Martin Puryear
It is about the laying on of hands, putting mind to material and divining the form it should take; the slow, sensuous bending of wood and wire, the transformation of history, images, and cultures into objects so infused with this heady multiplicity they nearly speak.
An artist with the rare gift of subtle and sophisticated reserve, Martin Puryear charges his works with the containment of energy, impulse, and gesture. Self, 1978, rises from the floor, a dark brooding fin or lump. Initially, the sheer volume and mass of the work create a feeling of immobility and impenetrability, and yet this giant mass is a rather delicate and hollow construction of painted strips of cedar and mahogany, with variations in the wood and finish adding coloration, depth, and a romantic edge. These variations work further to individuate sections of the piece: illustrative perhaps of the unification of the self, the creation of a singular and therefore more powerful being. Simultaneously heavy and delicate, Self radiates an ethereal translucence, as if one could pass through it like a ghost walking through walls.

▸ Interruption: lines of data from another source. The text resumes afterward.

definition cay_edges :: "('a \<Rightarrow> 'a) set \<Rightarrow> ('a \<Rightarrow> 'a) set \<Rightarrow> ('a \<Rightarrow> 'a) set set" where
  "cay_edges G T = {{g, t \<circ> g} | g t. g \<in> G \<and> t \<in> T}"

definition is_4cycle :: "'v set set \<Rightarrow> 'v set set \<Rightarrow> bool" where
  "is_4cycle E C \<longleftrightarrow> (\<exists>a b c d. distinct [a, b, c, d] \<and>
      C = {{a, b}, {b, c}, {c, d}, {d, a}} \<and> C \<subseteq> E)"

end

theory Submission
  imports Defs
begin

text \<open>
  If the supports of the 3-cycles \<open>\<tau>\<close> and \<open>\<kappa>\<close> are disjoint, then \<open>\<tau>\<kappa> = \<kappa>\<tau> \<noteq> e\<close>
  and \<open>e, \<tau>, \<kappa>\<tau>, \<kappa>\<close> is a 4-cycle. It is the only one through \<open>e, \<tau>, \<kappa>\<close>: the vertices
  \<open>\<tau>\<close> and \<open>\<kappa>\<close> are not adjacent, because \<open>\<kappa>\<tau>\<^sup>-\<^sup>1\<close> moves six points, so they are
  opposite corners, and a common neighbour \<open>s\<tau>\<close> with \<open>\<kappa> = ts\<tau>\<close> gives a factorisation
  \<open>ts = \<kappa>\<tau>\<^sup>-\<^sup>1\<close> of a product of two disjoint 3-cycles into two 3-cycles, which forces
  \<open>s \<in> {\<tau>\<^sup>-\<^sup>1, \<kappa>}\<close>.

  If the supports meet, then either \<open>\<tau>\<kappa> \<noteq> \<kappa>\<tau>\<close> or \<open>\<kappa> = \<tau>\<^sup>-\<^sup>1\<close>, and up to rotation of
  the cycles there are four configurations; in each of them two explicit common neighbours
  \<open>s\<tau> = t\<kappa>\<close> of \<open>\<tau>\<close> and \<open>\<kappa>\<close> give two different 4-cycles through \<open>e, \<tau>, \<kappa>\<close>.
\<close>

abbreviation cycle3 :: "'a \<Rightarrow> 'a \<Rightarrow> 'a \<Rightarrow> 'a \<Rightarrow> 'a" where
  "cycle3 a b c \<equiv> cycle_of_list [a, b, c]"

lemma cycle3_apply:
  "distinct [a, b, c] \<Longrightarrow>
    cycle3 a b c y = (if y = a then b else if y = b then c else if y = c then a else y)"
  by (auto simp: transpose_def)

declare cycle_of_list.simps [simp del]

lemma cycle3_rotate: "distinct [a, b, c] \<Longrightarrow> cycle3 b c a = cycle3 a b c"
  by (rule ext) (auto simp: cycle3_apply)

lemma cycle3_inverse: "distinct [a, b, c] \<Longrightarrow> cycle3 a c b \<circ> cycle3 a b c = id"
  by (rule ext) (auto simp: cycle3_apply)

lemma cycle3_moved: "distinct [a, b, c] \<Longrightarrow> cycle3 a b c y \<noteq> y \<Longrightarrow> y \<in> {a, b, c}"
  by (auto simp: cycle3_apply split: if_splits)

lemma cycle3_through_point:
  assumes "distinct [a, b, c]" and "p \<in> {a, b, c}"
  shows "cycle3 p (cycle3 a b c p) (cycle3 a b c (cycle3 a b c p)) = cycle3 a b c"
proof -
  from assms(2) consider "p = a" | "p = b" | "p = c" by blast
  then show ?thesis
  proof cases
    case 1 then show ?thesis using assms(1) by (auto simp: cycle3_apply)
  next
    case 2 then show ?thesis using assms(1) cycle3_rotate[of a b c] by (auto simp: cycle3_apply)
  next
    case 3 then show ?thesis
      using assms(1) cycle3_rotate[of a b c] cycle3_rotate[of b c a] by (auto simp: cycle3_apply)
  qed
qed

lemma cycle3_rotate_to:
  assumes "distinct [a, b, c]" and "p \<in> {a, b, c}"
  obtains q r where "cycle3 a b c = cycle3 p q r" "distinct [p, q, r]" "{p, q, r} = {a, b, c}"
proof -
  from assms(2) consider "p = a" | "p = b" | "p = c" by blast
  then show thesis
  proof cases
    case 1 then show thesis using that[of b c] assms(1) by auto
  next
    case 2 then show thesis using that[of c a] assms(1) cycle3_rotate[of a b c] by auto
  next
    case 3 then show thesis using that[of a b] assms(1) cycle3_rotate[of c a b] by auto
  qed
qed

lemma evenperm_cycle3: "distinct [a, b, c] \<Longrightarrow> evenperm (cycle3 a b c)"
  by (simp add: cycle_of_list.simps evenperm_comp permutation_swap_id evenperm_swap)

lemma cycle3_in_three_cycles:
  "distinct [a, b, c] \<Longrightarrow> {a, b, c} \<subseteq> {1..n} \<Longrightarrow> cycle3 a b c \<in> three_cycles n"
  unfolding three_cycles_def by blast

lemma three_cyclesE:
  assumes "t \<in> three_cycles n"
  obtains a b c where "t = cycle3 a b c" "distinct [a, b, c]" "{a, b, c} \<subseteq> {1..n}"
  using assms unfolding three_cycles_def by auto

lemma three_cycles_inverse: "t \<in> three_cycles n \<Longrightarrow> \<exists>t'\<in>three_cycles n. t' \<circ> t = id"
proof (erule three_cyclesE)
  fix a b c assume "t = cycle3 a b c" "distinct [a, b, c]" "{a, b, c} \<subseteq> {1..n}"
  then show ?thesis
    using cycle3_inverse[of a b c] cycle3_in_three_cycles[of a c b n] by auto
qed

lemma id_in_alt_group_set: "id \<in> alt_group_set n"
  unfolding alt_group_set_def by simp

lemma comp_in_alt_group_set:
  assumes "g \<in> alt_group_set n" and "h \<in> alt_group_set n"
  shows "g \<circ> h \<in> alt_group_set n"
proof -
  have "permutation g" "permutation h"
    using assms by (auto simp: alt_group_set_def intro: permutes_imp_permutation)
  then show ?thesis
    using assms by (auto simp: alt_group_set_def evenperm_comp intro: permutes_compose)
qed

lemma three_cycles_subset_alt_group_set: "three_cycles n \<subseteq> alt_group_set n"
proof
  fix t assume "t \<in> three_cycles n"
  then obtain a b c where "t = cycle3 a b c" "distinct [a, b, c]" "{a, b, c} \<subseteq> {1..n}"
    by (rule three_cyclesE)
  then show "t \<in> alt_group_set n"
    unfolding alt_group_set_def
    using cycle_permutes[of "[a, b, c]"] evenperm_cycle3[of a b c] by (auto intro: permutes_subset)
qed

lemma cay_edges_iff:
  assumes "T \<subseteq> G" and "\<And>g h. g \<in> G \<Longrightarrow> h \<in> G \<Longrightarrow> g \<circ> h \<in> G"
    and "\<And>t. t \<in> T \<Longrightarrow> \<exists>t'\<in>T. t' \<circ> t = id"
  shows "{g, h} \<in> cay_edges G T \<longleftrightarrow> g \<in> G \<and> (\<exists>t\<in>T. h = t \<circ> g)"
proof
  assume "{g, h} \<in> cay_edges G T"
  then obtain g' t where e: "{g, h} = {g', t \<circ> g'}" "g' \<in> G" "t \<in> T"
    unfolding cay_edges_def by blast
  then consider "g = g'" "h = t \<circ> g'" | "g = t \<circ> g'" "h = g'"
    by (auto simp: doubleton_eq_iff)
  then show "g \<in> G \<and> (\<exists>t\<in>T. h = t \<circ> g)"
  proof cases
    case 2
    obtain t' where "t' \<in> T" "t' \<circ> t = id" using assms(3) e(3) by blast
    then have "h = t' \<circ> g" using 2 by (simp add: o_assoc)
    moreover have "g \<in> G" using 2 e(2,3) assms(1,2) by blast
    ultimately show ?thesis using \<open>t' \<in> T\<close> by blast
  qed (use e in blast)
next
  assume "g \<in> G \<and> (\<exists>t\<in>T. h = t \<circ> g)"
  then show "{g, h} \<in> cay_edges G T" unfolding cay_edges_def by blast
qed

abbreviation CAG_edges :: "nat \<Rightarrow> (nat \<Rightarrow> nat) set set" where
  "CAG_edges n \<equiv> cay_edges (alt_group_set n) (three_cycles n)"

lemma CAG_edges_iff:
  "{g, h} \<in> CAG_edges n \<longleftrightarrow> g \<in> alt_group_set n \<and> (\<exists>t\<in>three_cycles n. h = t \<circ> g)"
  using three_cycles_subset_alt_group_set comp_in_alt_group_set three_cycles_inverse
  by (rule cay_edges_iff)

lemma CAG_edgeI:
  "g \<in> alt_group_set n \<Longrightarrow> t \<in> three_cycles n \<Longrightarrow> {g, t \<circ> g} \<in> CAG_edges n"
  by (auto simp: CAG_edges_iff)

lemma CAG_edge_id: "t \<in> three_cycles n \<Longrightarrow> {id, t} \<in> CAG_edges n"
  using CAG_edgeI[OF id_in_alt_group_set] by simp

definition unique_4cycle_through :: "'v set set \<Rightarrow> 'v set \<Rightarrow> bool" where
  "unique_4cycle_through E V \<longleftrightarrow> (\<exists>!C. is_4cycle E C \<and> V \<subseteq> \<Union>C)"

lemma is_4cycleI:
  "distinct [a, b, c, d] \<Longrightarrow> {{a, b}, {b, c}, {c, d}, {d, a}} \<subseteq> E \<Longrightarrow>
    is_4cycle E {{a, b}, {b, c}, {c, d}, {d, a}}"
  unfolding is_4cycle_def by blast

lemma is_4cycle_starting_at:
  assumes "is_4cycle E C" and "v \<in> \<Union>C"
  obtains b c d where "distinct [v, b, c, d]" "C = {{v, b}, {b, c}, {c, d}, {d, v}}" "C \<subseteq> E"
proof -
  obtain a b c d where C: "distinct [a, b, c, d]" "C = {{a, b}, {b, c}, {c, d}, {d, a}}" "C \<subseteq> E"
    using assms(1) unfolding is_4cycle_def by (elim exE conjE)
  have rotations: "C = {{b, c}, {c, d}, {d, a}, {a, b}}" "C = {{c, d}, {d, a}, {a, b}, {b, c}}"
    "C = {{d, a}, {a, b}, {b, c}, {c, d}}"
    unfolding C(2) by (simp_all add: insert_commute)
  have distinct_rotations: "distinct [b, c, d, a]" "distinct [c, d, a, b]" "distinct [d, a, b, c]"
    using C(1) by auto
  from assms(2) have "v \<in> {a, b, c, d}" unfolding C(2) by blast
  then consider "v = a" | "v = b" | "v = c" | "v = d" by blast
  then show thesis
  proof cases
    case 1 show thesis by (rule that[of b c d]) (use 1 C in simp_all)
  next
    case 2 show thesis
      by (rule that[of c d a]) (use 2 C(3) rotations(1) distinct_rotations(1) in simp_all)
  next
    case 3 show thesis
      by (rule that[of d a b]) (use 3 C(3) rotations(2) distinct_rotations(2) in simp_all)
  next
    case 4 show thesis
      by (rule that[of a b c]) (use 4 C(3) rotations(3) distinct_rotations(3) in simp_all)
  qed
qed

lemma not_unique_4cycle_through:
  assumes "distinct [u, v, x, w]" and "distinct [u, v, y, w]" and "x \<noteq> y"
    and "{{u, v}, {v, x}, {x, w}, {w, u}} \<subseteq> E" and "{{u, v}, {v, y}, {y, w}, {w, u}} \<subseteq> E"
  shows "\<not> unique_4cycle_through E {u, v, w}"
proof
  define P where "P C \<longleftrightarrow> is_4cycle E C \<and> {u, v, w} \<subseteq> \<Union>C" for C
  let ?C1 = "{{u, v}, {v, x}, {x, w}, {w, u}}" and ?C2 = "{{u, v}, {v, y}, {y, w}, {w, u}}"
  assume "unique_4cycle_through E {u, v, w}"
  then have "\<exists>\<^sub>\<le>\<^sub>1C. P C" by (simp add: unique_4cycle_through_def P_def ex1_iff_ex_Uniq)
  moreover have "P ?C1" "P ?C2" unfolding P_def using assms(1,2,4,5) by (simp_all add: is_4cycleI)
  ultimately have "?C1 = ?C2" by (rule Uniq_D)
  moreover have "x \<in> \<Union>?C1" "x \<notin> \<Union>?C2" using assms(1-3) by auto
  ultimately show False by simp
qed

lemma unique_4cycle_throughI:
  assumes "distinct [u, v, x, w]" and "{{u, v}, {v, x}, {x, w}, {w, u}} \<subseteq> E"
    and "{v, w} \<notin> E"
    and "\<And>y. {v, y} \<in> E \<Longrightarrow> {y, w} \<in> E \<Longrightarrow> y \<notin> {u, v, w} \<Longrightarrow> y = x"
  shows "unique_4cycle_through E {u, v, w}"
  unfolding unique_4cycle_through_def
proof (rule ex1I)
  show "is_4cycle E {{u, v}, {v, x}, {x, w}, {w, u}} \<and> {u, v, w} \<subseteq> \<Union>{{u, v}, {v, x}, {x, w}, {w, u}}"
    using assms(1,2) by (simp add: is_4cycleI)
next
  fix C assume C: "is_4cycle E C \<and> {u, v, w} \<subseteq> \<Union>C"
  then have "v \<in> \<Union>C" by blast
  with C obtain b c d where bcd: "distinct [v, b, c, d]" "C = {{v, b}, {b, c}, {c, d}, {d, v}}" "C \<subseteq> E"
    by (elim conjE is_4cycle_starting_at)
  have E: "{v, b} \<in> E" "{b, c} \<in> E" "{c, d} \<in> E" "{d, v} \<in> E" using bcd(2,3) by auto
  have "{u, w} \<subseteq> {v, b, c, d}" using C unfolding bcd(2) by blast
  \<comment> \<open>\<open>v\<close> and \<open>w\<close> are not adjacent, so they are opposite corners\<close>
  moreover have "w \<noteq> b" using assms(3) E(1) by blast
  moreover have "w \<noteq> d" using assms(3) E(4) by (metis insert_commute)
  ultimately have wc: "w = c" and u: "u = b \<or> u = d" using assms(1) by auto
  from u show "C = {{u, v}, {v, x}, {x, w}, {w, u}}"
  proof
    assume ub: "u = b"
    have "d = x"
      using assms(4)[of d] E(3,4) insert_commute[of d v] insert_commute[of c d] bcd(1) wc ub by auto
    then show ?thesis using bcd(2) wc ub by (simp add: insert_commute)
  next
    assume ud: "u = d"
    have "b = x" using assms(4)[of b] E(1,2) bcd(1) wc ud by auto
    then show ?thesis using bcd(2) wc ud by (simp add: insert_commute)
  qed
qed

lemma distinct_map_imp_distinct: "distinct (map f xs) \<Longrightarrow> distinct xs"
  by (simp add: distinct_map)

lemma disjoint_cycle3_comp_moves:
  "distinct [a, b, c, d, e, f] \<Longrightarrow> y \<in> {a, b, c, d, e, f} \<Longrightarrow> (cycle3 d e f \<circ> cycle3 a b c) y \<noteq> y"
  by (auto simp: cycle3_apply)

lemma cycle3_ne_disjoint_product:
  assumes "distinct [a, b, c, d, e, f]" and "distinct [p, q, r]"
  shows "cycle3 p q r \<noteq> cycle3 d e f \<circ> cycle3 a b c"
proof
  assume "cycle3 p q r = cycle3 d e f \<circ> cycle3 a b c"
  then have "set [a, b, c, d, e, f] \<subseteq> set [p, q, r]"
    using disjoint_cycle3_comp_moves[OF assms(1)] cycle3_moved[OF assms(2)] by auto
  then have "length [a, b, c, d, e, f] \<le> length [p, q, r]"
    using card_mono[of "set [p, q, r]"] distinct_card assms by fastforce
  then show False by simp
qed
lemma tless_map_le_trans:
  assumes "tless s t" "t \<subseteq>\<^sub>m w"
  shows "tless s w"
  using assms map_le_trans map_le_antisym unfolding tless_def by metis

lemma countable_bounded:
  fixes B :: "('o::wellorder) set"
  assumes "uncountable (UNIV :: 'o set)" "\<forall>a::'o. countable {..<a}" "countable B"
  obtains \<alpha> where "\<forall>b\<in>B. b < \<alpha>"
proof -
  have "countable (\<Union>b\<in>B. insert b {..<b})" using assms(2,3) by blast
  then obtain \<alpha> where "\<alpha> \<notin> (\<Union>b\<in>B. insert b {..<b})" using assms(1) by (metis UNIV_eq_I)
  then have "\<forall>b\<in>B. b < \<alpha>" by (auto simp: not_less_iff_gr_or_eq)
  then show ?thesis by (rule that)
qed

lemma aronszajn_subset_seqs: "aronszajn p T \<Longrightarrow> T \<subseteq> seqs p"
  by (simp add: aronszajn_def is_tree_def)

lemma aronszajn_countable_below:
  assumes segs: "\<forall>a::'o. countable {..<a}" and aron: "aronszajn p (T :: ('o::wellorder) node set)"
  shows "countable {t\<in>T. lg t < \<alpha>}"
proof (rule countable_subset)
  show "{t\<in>T. lg t < \<alpha>} \<subseteq> (\<Union>\<beta>\<in>{..<\<alpha>}. {t\<in>T. dom t = {..<\<beta>}})"
  proof
    fix t assume t: "t \<in> {t\<in>T. lg t < \<alpha>}"
    then have "dom t = {..<lg t}" using aronszajn_subset_seqs[OF aron] dom_seqs[of t p] by blast
    then show "t \<in> (\<Union>\<beta>\<in>{..<\<alpha>}. {t\<in>T. dom t = {..<\<beta>}})" using t by blast
  qed
  show "countable (\<Union>\<beta>\<in>{..<\<alpha>}. {t\<in>T. dom t = {..<\<beta>}})"
    using segs aron by (simp add: aronszajn_def)
qed

lemma aronszajn_countable_if_thin_at_level:
  assumes segs: "\<forall>a::'o. countable {..<a}" and aron: "aronszajn p (T :: ('o::wellorder) node set)"
    and X: "X \<subseteq> T" and thin: "\<forall>w\<in>T. lg w = \<alpha> \<longrightarrow> countable {x\<in>X. w \<subseteq>\<^sub>m x}"
  shows "countable X"
proof (rule countable_subset)
  have Tseq: "T \<subseteq> seqs p" and Tres: "\<forall>t\<in>T. \<forall>a. t |` {..<a} \<in> T"
    using aron by (auto simp: aronszajn_def is_tree_def)
  show "X \<subseteq> {t\<in>T. lg t < \<alpha>} \<union> (\<Union>w\<in>{w\<in>T. lg w = \<alpha>}. {x\<in>X. w \<subseteq>\<^sub>m x})"
  proof
    fix x assume x: "x \<in> X"
    then have xT: "x \<in> T" using X by blast
    then have dx: "dom x = {..<lg x}" using Tseq dom_seqs by blast
    show "x \<in> {t\<in>T. lg t < \<alpha>} \<union> (\<Union>w\<in>{w\<in>T. lg w = \<alpha>}. {x\<in>X. w \<subseteq>\<^sub>m x})"
    proof (cases "lg x < \<alpha>")
      case True
      then show ?thesis using xT by blast
    next
      case False
      define w where "w = x |` {..<\<alpha>}"
      have "dom w = {..<\<alpha>}" using dx False by (auto simp: w_def not_less)
      then have "lg w = \<alpha>" by (rule lg_eqI)
      then have "w \<in> {w\<in>T. lg w = \<alpha>}" using Tres xT by (simp add: w_def)
      moreover have "w \<subseteq>\<^sub>m x" by (auto simp: w_def map_le_def)
      ultimately show ?thesis using x by blast
    qed
  qed
  have "{w\<in>T. lg w = \<alpha>} \<subseteq> {t\<in>T. dom t = {..<\<alpha>}}"
    using Tseq dom_seqs[of _ p] by auto
  then have "countable {w\<in>T. lg w = \<alpha>}"
    by (rule countable_subset) (use aron in \<open>simp add: aronszajn_def\<close>)
  then have "countable (\<Union>w\<in>{w\<in>T. lg w = \<alpha>}. {x\<in>X. w \<subseteq>\<^sub>m x})"
    by (rule countable_UN) (use thin in blast)
  then show "countable ({t\<in>T. lg t < \<alpha>} \<union> (\<Union>w\<in>{w\<in>T. lg w = \<alpha>}. {x\<in>X. w \<subseteq>\<^sub>m x}))"
    using aronszajn_countable_below[OF segs aron] by (rule countable_Un[rotated])
qed

lemma aronszajn_countable_chain:
  assumes "aronszajn p T" "C \<subseteq> T" "\<forall>x\<in>C. \<forall>y\<in>C. comparable x y"
  shows "countable C"
  using assms by (simp add: aronszajn_def comparable_def)
locale strict_monoidal_supercat = super_module scale gr
  for scale :: "'k::comm_ring_1 \<Rightarrow> 'm::ab_group_add \<Rightarrow> 'm" and gr +
  fixes idn :: "nat \<Rightarrow> 'm" and cmp :: "'m \<Rightarrow> 'm \<Rightarrow> 'm" and tns :: "'m \<Rightarrow> 'm \<Rightarrow> 'm"
  assumes cmp_add_left: "cmp (f + g) h = cmp f h + cmp g h"
    and cmp_add_right: "cmp f (g + h) = cmp f g + cmp f h"
    and cmp_scale_left: "cmp (scale k f) g = scale k (cmp f g)"
    and cmp_scale_right: "cmp f (scale k g) = scale k (cmp f g)"
    and cmp_assoc: "cmp (cmp f g) h = cmp f (cmp g h)"
    and idn_orth: "cmp (idn m) (idn n) = (if m = n then idn m else 0)"
    and idn_even: "idn n \<in> gr False"
    and cmp_gr: "f \<in> gr i \<Longrightarrow> g \<in> gr j \<Longrightarrow> cmp f g \<in> gr (i \<noteq> j)"
    and tns_add_left: "tns (f + g) h = tns f h + tns g h"
    and tns_add_right: "tns f (g + h) = tns f g + tns f h"
    and tns_scale_left: "tns (scale k f) g = scale k (tns f g)"
    and tns_scale_right: "tns f (scale k g) = scale k (tns f g)"
    and tns_assoc: "tns (tns f g) h = tns f (tns g h)"
    and tns_idn: "tns (idn m) (idn n) = idn (m + n)"
    and tns_unit_left: "tns (idn 0) f = f"
    and tns_unit_right: "tns f (idn 0) = f"
    and tns_gr: "f \<in> gr i \<Longrightarrow> g \<in> gr j \<Longrightarrow> tns f g \<in> gr (i \<noteq> j)"
    and tns_hom: "f \<in> hom cmp idn o1 o2 \<Longrightarrow> g \<in> hom cmp idn o3 o4 \<Longrightarrow>
                  tns f g \<in> hom cmp idn (o1 + o3) (o2 + o4)"
    and super_interchange:
      "f \<in> hom cmp idn o1 o2 \<Longrightarrow> f' \<in> hom cmp idn o2 o3 \<Longrightarrow>
       g' \<in> hom cmp idn o4 o5 \<Longrightarrow> g \<in> hom cmp idn o5 o6 \<Longrightarrow>
       f \<in> gr i \<Longrightarrow> g \<in> gr j \<Longrightarrow>
       cmp (tns f' g) (tns f g') =
         (if i \<and> j then - tns (cmp f' f) (cmp g g') else tns (cmp f' f) (cmp g g'))"

text \<open>qaw_rep ... holds iff (S, Sm, tau, x) with inverse xinv of x are morphisms
  in a strict k-linear monoidal supercategory satisfying all defining
  relations of QAW(A;z) (object 1 = the generating object).  Since QAW(A;z) is
  the free such category, an identity holds in QAW(A;z) iff it holds for every
  such qaw_rep.\<close>

locale qaw_rep =
  A: symmetric_frobenius_superalgebra ascale agr tr B dual +
  C: strict_monoidal_supercat mscale mgr idn cmp tns
  for ascale :: "'k::comm_ring_1 \<Rightarrow> 'a::ring_1 \<Rightarrow> 'a" and agr tr B dual
  and mscale :: "'k \<Rightarrow> 'm::ab_group_add \<Rightarrow> 'm" and mgr idn cmp tns +
  fixes z :: 'k and S Sm x xinv :: 'm and tau :: "'a \<Rightarrow> 'm"
  assumes z_unit: "z dvd 1"
    and S_hom: "S \<in> hom cmp idn 2 2" and S_even: "S \<in> mgr False"
    and Sm_hom: "Sm \<in> hom cmp idn 2 2" and Sm_even: "Sm \<in> mgr False"
    and tau_hom: "tau a \<in> hom cmp idn 1 1"
    and tau_gr: "a \<in> agr i \<Longrightarrow> tau a \<in> mgr i"
    and tau_add: "tau (a + b) = tau a + tau b"
    and tau_scale: "tau (ascale c a) = mscale c (tau a)"
    and tau_mult: "tau (a * b) = cmp (tau a) (tau b)"
    and tau_one: "tau 1 = idn 1"
    and x_hom: "x \<in> hom cmp idn 1 1" and x_even: "x \<in> mgr False"
    and xinv_hom: "xinv \<in> hom cmp idn 1 1"
    and x_xinv: "cmp x xinv = idn 1" and xinv_x: "cmp xinv x = idn 1"
    and S_Sm: "cmp S Sm = idn 2" and Sm_S: "cmp Sm S = idn 2"
    and braid: "cmp (tns S (idn 1)) (cmp (tns (idn 1) S) (tns S (idn 1))) =
                cmp (tns (idn 1) S) (cmp (tns S (idn 1)) (tns (idn 1) S))"
    and S_tau: "cmp S (tns (tau a) (idn 1)) = cmp (tns (idn 1) (tau a)) S"
    and Sm_tau: "cmp Sm (tns (tau a) (idn 1)) = cmp (tns (idn 1) (tau a)) Sm"
    and skein: "S - Sm = mscale z (\<Sum>b\<in>B. tns (tau b) (tau (dual b)))"
    and x_tau: "cmp x (tau a) = cmp (tau a) x"
    and S_x: "cmp S (tns (idn 1) x) = cmp (tns x (idn 1)) Sm"
    and Sm_x: "cmp Sm (tns x (idn 1)) = cmp (tns (idn 1) x) S"

definition mpow :: "('m \<Rightarrow> 'm \<Rightarrow> 'm) \<Rightarrow> 'm \<Rightarrow> 'm \<Rightarrow> 'm \<Rightarrow> int \<Rightarrow> 'm" where
  "mpow cmp one x xinv n =
     (if 0 \<le> n then ((cmp x) ^^ nat n) one else ((cmp xinv) ^^ nat (- n)) one)"

end

theory Submission
  imports Defs
begin

(* Write dots r s for x^r (x) x^s and T for the skein term, so that S - S^- = T and T commutes
   with every dots r s. By the dot-crossing relation, D n = S o dots 0 n - dots n 0 o S^-
   satisfies the first-order recurrence D (n + 1) = D n o dots 0 1 - dots n 1 o T with D 0 = T.
   Composition with the invertible dots 0 1 is injective on End(2), so this recurrence has at
   most one solution over all of Z, and the oriented sum of dots r (n - r) o T over r from n to 1
   is one; it packages the case distinction n > 0 / n <= 0 of (i) into a single formula. The same
   argument with the dot on the other strand gives (ii), and substituting S^- = S - T turns (i)
   and (ii) into (iv) and (iii). *)

definition oriented_sum :: "(int \<Rightarrow> 'a::ab_group_add) \<Rightarrow> int \<Rightarrow> int \<Rightarrow> 'a" where
  "oriented_sum f a b = (if a \<le> b then (\<Sum>r\<in>{a..<b}. f r) else - (\<Sum>r\<in>{b..<a}. f r))"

Circumbent, 1976 (a half-moon or half-circle of ashwood with a single pole from floor to center point), evokes, like much of Puryear’s work, the contemplative, the spiritual, the talismanic. As with Self, one has the feeling of wanting to keep this work close by, where it can be touched, caressed, as though it might have the power to comfort, to warm, or to heal. This preoccupation with the tactile becomes, in Some Tales, 1975–1977, a meditation on the artist as laborer. Of ash and yellow pine, this piece consists of a series of six elongated wooden shapes not unlike the well-worn tools of a worker’s life (saws, scythes, hoes), a homage to labor itself and to art as labor. Less comforting are pieces such as Keeper, 1984, and Greed’s Trophy, 1984, both constructed of wood and steel wire. Somewhat cagelike in their use of netting and masks, these works bring to mind graceful yet disquieting images of entrapment, the possibility of being held against one’s will.
Throughout, the success of Puryear’s work lies in its combination or recombination of multiple and sometimes seemingly disparate or contradictory approaches, cultures, methodologies, and theories. The result is a celebratory and highly spiritual body of work that ultimately seems so organic that one can most easily imagine discovering it as a naturally occurring phenomenon in one of the world’s more mystical spots.
While indebted to Constantin Brancusi and the Minimalists, Puryear’s work exists as if outside of time. Elements of his approach suggest that—although he is only 51—he could be the missing link between the sculptors of the ’50s, whose use of postwar welding technology combined industrial development and craft, and the Minimalists of the ’70s. Or one could present Puryear’s work as an antidote to Minimalism and its emphasis on the absence of the artist’s hand. In the end one suspects that Puryear’s work is not as well-known as that of other artists of his generation simply because he defies categorization, challenging the notion of category itself, whether engaging with racial, cultural, and historical issues, or taking on the question of craft as art. Succeeding where others fail, Puryear makes the most complicated of experiences approachable, elegant, and often lyrical. In his abstraction—a kind of condensation of the essential elements at play—the ideas, the background impulses, accrue even greater power and meaning. Puryear not only defies categorization and the rules of the art world, he transcends them.